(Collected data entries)
● ● ● ● ● ● ●

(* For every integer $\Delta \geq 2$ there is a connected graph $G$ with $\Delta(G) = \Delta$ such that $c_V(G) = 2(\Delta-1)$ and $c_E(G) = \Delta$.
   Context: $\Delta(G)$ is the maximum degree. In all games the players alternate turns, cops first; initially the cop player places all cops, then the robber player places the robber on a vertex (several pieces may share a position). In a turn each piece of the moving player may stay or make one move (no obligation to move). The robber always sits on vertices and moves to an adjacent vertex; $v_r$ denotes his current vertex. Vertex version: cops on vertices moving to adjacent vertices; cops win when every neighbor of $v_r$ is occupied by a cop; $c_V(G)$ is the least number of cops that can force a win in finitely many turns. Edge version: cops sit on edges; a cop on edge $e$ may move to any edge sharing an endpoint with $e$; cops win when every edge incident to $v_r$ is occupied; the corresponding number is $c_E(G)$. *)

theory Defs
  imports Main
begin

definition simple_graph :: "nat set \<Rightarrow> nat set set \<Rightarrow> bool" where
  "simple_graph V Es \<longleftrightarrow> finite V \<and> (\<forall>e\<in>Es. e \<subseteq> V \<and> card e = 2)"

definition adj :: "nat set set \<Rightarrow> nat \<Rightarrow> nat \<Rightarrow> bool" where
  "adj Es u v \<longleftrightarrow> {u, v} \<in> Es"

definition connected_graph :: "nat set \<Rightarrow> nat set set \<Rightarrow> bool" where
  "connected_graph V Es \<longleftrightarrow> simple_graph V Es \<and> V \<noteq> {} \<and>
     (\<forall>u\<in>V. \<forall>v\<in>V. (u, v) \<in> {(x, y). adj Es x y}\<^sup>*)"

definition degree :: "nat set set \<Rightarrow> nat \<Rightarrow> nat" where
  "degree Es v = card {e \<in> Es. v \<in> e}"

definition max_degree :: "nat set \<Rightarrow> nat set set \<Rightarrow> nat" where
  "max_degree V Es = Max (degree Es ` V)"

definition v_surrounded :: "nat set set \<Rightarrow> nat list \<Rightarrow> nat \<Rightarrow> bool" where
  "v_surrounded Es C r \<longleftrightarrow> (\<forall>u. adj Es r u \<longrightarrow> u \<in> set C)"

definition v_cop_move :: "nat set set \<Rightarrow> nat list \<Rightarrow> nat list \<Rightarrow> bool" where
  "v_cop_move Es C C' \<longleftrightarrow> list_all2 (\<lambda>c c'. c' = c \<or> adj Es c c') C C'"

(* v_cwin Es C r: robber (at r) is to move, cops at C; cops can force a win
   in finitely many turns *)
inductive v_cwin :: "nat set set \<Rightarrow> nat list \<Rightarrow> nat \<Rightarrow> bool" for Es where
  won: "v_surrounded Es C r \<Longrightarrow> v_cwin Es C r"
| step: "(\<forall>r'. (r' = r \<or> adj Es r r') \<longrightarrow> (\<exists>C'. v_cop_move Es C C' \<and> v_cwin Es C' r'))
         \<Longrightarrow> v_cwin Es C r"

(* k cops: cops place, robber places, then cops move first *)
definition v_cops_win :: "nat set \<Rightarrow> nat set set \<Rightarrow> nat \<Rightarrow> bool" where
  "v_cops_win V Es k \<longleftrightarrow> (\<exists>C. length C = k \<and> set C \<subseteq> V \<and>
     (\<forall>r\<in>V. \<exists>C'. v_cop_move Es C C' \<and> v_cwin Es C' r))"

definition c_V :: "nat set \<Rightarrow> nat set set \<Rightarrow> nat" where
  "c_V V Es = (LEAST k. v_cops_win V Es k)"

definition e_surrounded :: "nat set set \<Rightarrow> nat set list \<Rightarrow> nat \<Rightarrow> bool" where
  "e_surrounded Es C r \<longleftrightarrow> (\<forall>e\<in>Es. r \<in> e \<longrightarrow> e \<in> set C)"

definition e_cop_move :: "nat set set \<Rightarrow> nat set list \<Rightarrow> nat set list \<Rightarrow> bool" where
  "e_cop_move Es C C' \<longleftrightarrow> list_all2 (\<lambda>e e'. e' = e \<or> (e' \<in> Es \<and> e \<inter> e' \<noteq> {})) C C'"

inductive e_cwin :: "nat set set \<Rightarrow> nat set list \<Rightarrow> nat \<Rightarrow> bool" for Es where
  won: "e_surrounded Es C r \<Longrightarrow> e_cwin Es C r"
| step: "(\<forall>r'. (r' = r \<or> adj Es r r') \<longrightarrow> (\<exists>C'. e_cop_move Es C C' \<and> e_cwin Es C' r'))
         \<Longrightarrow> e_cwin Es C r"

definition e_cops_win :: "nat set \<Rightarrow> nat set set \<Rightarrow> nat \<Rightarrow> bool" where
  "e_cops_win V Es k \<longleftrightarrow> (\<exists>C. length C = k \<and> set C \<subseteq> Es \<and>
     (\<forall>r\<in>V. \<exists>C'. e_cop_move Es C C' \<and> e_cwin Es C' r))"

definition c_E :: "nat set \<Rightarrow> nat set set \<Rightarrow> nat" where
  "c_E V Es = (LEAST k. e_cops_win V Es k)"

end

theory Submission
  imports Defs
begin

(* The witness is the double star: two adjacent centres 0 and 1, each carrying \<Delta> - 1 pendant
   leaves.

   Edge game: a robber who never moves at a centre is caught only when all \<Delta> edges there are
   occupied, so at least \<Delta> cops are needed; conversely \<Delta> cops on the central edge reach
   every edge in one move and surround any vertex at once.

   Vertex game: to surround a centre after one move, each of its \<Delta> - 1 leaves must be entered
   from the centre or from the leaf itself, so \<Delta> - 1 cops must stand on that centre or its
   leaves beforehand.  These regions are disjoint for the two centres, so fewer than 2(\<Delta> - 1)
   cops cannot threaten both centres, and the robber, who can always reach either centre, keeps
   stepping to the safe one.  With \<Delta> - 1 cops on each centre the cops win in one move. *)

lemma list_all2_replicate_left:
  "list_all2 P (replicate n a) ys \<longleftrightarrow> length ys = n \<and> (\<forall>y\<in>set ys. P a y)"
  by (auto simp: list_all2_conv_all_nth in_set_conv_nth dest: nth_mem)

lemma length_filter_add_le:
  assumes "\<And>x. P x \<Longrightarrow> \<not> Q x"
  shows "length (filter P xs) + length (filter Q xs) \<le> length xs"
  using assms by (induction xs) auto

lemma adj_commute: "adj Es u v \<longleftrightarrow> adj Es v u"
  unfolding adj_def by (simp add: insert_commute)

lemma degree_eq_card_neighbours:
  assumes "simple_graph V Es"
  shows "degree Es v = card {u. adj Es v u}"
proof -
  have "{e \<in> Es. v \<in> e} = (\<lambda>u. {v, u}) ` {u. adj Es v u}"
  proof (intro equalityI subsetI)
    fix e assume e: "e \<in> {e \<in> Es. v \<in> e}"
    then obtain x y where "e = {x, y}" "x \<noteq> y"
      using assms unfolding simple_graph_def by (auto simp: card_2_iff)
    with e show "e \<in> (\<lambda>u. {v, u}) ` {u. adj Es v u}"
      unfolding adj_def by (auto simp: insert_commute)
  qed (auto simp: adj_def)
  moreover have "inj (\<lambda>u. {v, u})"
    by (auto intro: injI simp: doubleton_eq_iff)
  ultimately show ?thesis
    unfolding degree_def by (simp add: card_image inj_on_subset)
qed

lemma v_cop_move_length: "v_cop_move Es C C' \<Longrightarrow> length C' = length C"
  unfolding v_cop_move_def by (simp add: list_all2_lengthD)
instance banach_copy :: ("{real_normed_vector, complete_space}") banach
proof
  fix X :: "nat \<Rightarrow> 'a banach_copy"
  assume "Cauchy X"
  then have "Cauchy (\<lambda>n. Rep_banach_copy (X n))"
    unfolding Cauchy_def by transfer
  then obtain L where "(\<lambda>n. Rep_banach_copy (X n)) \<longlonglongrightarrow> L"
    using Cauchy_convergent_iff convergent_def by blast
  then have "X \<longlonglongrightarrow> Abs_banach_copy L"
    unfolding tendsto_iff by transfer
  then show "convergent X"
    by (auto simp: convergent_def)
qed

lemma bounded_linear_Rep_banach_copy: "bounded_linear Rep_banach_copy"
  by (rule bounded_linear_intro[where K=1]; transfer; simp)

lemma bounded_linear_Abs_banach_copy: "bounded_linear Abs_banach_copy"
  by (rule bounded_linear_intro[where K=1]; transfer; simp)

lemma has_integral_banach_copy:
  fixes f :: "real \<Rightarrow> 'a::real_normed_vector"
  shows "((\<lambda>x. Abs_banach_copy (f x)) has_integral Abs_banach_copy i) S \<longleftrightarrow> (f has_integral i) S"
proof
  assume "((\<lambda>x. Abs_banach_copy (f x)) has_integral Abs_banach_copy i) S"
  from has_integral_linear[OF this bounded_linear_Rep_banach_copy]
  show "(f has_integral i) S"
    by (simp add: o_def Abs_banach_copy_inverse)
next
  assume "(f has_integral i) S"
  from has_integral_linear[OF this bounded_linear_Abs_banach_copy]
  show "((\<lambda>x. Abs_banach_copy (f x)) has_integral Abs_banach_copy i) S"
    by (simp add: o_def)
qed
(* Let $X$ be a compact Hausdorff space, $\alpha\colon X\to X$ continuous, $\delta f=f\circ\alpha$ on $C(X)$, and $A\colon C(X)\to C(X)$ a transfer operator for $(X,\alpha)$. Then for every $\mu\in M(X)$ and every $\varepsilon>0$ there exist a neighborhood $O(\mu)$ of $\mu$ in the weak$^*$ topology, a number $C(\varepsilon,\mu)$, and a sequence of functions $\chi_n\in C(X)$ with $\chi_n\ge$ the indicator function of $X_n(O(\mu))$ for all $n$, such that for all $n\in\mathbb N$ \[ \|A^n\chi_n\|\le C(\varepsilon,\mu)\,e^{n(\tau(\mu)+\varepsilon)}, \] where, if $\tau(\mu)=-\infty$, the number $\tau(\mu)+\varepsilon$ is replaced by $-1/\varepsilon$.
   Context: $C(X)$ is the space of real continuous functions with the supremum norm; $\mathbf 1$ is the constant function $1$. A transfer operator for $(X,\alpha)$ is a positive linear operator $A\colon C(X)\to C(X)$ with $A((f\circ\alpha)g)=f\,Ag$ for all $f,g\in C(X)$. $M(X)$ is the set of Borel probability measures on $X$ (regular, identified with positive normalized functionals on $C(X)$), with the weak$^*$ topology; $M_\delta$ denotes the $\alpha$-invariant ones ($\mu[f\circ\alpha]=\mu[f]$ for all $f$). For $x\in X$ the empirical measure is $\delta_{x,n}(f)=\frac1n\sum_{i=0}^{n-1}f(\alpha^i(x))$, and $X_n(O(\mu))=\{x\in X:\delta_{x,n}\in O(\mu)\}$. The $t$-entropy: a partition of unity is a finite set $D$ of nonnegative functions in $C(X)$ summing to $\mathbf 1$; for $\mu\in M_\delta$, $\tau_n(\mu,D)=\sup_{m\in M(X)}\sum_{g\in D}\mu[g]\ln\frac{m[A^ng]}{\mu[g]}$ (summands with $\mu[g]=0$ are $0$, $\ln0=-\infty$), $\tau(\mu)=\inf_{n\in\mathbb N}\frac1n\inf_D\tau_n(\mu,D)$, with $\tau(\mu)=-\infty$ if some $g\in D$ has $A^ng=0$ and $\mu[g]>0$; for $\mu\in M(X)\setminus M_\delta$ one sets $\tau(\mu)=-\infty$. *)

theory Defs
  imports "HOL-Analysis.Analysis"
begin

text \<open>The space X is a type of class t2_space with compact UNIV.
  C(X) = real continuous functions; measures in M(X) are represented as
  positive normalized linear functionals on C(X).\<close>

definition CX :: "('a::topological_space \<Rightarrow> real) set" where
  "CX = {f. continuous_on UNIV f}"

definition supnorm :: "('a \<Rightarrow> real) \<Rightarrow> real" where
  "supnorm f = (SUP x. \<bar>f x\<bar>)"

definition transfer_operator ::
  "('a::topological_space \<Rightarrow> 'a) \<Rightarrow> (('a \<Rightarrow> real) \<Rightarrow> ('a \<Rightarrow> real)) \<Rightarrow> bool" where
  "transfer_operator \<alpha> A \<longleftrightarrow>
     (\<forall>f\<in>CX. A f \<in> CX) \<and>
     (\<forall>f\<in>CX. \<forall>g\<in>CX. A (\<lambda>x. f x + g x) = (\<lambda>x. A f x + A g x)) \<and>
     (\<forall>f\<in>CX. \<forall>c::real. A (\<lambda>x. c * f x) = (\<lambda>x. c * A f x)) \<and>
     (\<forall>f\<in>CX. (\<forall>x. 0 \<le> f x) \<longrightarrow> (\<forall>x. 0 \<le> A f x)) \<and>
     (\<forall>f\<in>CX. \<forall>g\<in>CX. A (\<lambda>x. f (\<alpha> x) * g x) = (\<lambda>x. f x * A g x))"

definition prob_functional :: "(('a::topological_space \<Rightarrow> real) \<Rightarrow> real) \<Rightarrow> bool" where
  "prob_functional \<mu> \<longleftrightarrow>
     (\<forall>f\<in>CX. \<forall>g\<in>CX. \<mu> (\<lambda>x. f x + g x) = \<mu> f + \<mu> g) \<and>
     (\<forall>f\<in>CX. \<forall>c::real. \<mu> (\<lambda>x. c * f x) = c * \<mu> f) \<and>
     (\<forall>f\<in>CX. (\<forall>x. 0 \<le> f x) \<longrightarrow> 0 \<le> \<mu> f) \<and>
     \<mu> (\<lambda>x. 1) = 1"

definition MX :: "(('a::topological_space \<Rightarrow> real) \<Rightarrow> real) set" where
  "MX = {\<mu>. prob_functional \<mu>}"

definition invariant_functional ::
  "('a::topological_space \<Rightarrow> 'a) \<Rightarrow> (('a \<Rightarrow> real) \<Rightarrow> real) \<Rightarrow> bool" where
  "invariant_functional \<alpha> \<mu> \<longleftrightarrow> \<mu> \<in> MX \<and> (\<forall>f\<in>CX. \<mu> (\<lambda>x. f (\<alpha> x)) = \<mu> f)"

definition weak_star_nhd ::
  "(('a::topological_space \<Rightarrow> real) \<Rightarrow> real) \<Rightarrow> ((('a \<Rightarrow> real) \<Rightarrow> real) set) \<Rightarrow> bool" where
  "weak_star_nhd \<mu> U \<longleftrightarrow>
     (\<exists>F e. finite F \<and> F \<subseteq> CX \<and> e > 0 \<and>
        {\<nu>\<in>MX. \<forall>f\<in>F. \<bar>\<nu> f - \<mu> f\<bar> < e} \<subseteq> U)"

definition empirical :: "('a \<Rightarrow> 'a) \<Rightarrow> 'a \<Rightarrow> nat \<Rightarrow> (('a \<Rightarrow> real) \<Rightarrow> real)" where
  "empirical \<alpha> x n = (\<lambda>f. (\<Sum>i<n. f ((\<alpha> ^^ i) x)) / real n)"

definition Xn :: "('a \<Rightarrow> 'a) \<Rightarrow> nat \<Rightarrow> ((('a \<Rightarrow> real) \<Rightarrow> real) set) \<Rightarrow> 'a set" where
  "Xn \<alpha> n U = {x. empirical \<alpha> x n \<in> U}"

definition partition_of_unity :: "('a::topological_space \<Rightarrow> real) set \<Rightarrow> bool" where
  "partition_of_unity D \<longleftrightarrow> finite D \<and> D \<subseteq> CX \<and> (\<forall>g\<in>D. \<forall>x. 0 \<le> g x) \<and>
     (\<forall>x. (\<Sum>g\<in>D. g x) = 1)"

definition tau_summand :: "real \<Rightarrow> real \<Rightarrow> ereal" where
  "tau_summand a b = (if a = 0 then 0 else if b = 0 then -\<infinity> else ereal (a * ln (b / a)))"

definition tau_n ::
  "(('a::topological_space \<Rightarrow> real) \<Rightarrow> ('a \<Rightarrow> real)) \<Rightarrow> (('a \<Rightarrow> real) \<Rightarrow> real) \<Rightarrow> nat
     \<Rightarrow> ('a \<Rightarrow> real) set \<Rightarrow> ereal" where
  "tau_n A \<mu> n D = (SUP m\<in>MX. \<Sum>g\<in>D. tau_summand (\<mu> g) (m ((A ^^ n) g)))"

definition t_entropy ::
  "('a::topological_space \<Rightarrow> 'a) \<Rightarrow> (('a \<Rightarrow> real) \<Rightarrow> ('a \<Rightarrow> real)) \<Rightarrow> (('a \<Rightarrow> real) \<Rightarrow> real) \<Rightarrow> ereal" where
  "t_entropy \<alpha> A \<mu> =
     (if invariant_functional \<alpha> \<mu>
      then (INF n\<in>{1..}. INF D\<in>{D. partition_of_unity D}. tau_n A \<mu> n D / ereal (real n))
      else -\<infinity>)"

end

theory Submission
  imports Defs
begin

● ● ● ● ● ● ●

ACTIVITY: Look through the data above for the string "subseteq" and copy every line where it appears.

ANSWER TO THE EXERCISE:
  "simple_graph V Es \<longleftrightarrow> finite V \<and> (\<forall>e\<in>Es. e \<subseteq> V \<and> card e = 2)"
  "v_cops_win V Es k \<longleftrightarrow> (\<exists>C. length C = k \<and> set C \<subseteq> V \<and>
  "e_cops_win V Es k \<longleftrightarrow> (\<exists>C. length C = k \<and> set C \<subseteq> Es \<and>
     (\<exists>F e. finite F \<and> F \<subseteq> CX \<and> e > 0 \<and>
        {\<nu>\<in>MX. \<forall>f\<in>F. \<bar>\<nu> f - \<mu> f\<bar> < e} \<subseteq> U)"
  "partition_of_unity D \<longleftrightarrow> finite D \<and> D \<subseteq> CX \<and> (\<forall>g\<in>D. \<forall>x. 0 \<le> g x) \<and>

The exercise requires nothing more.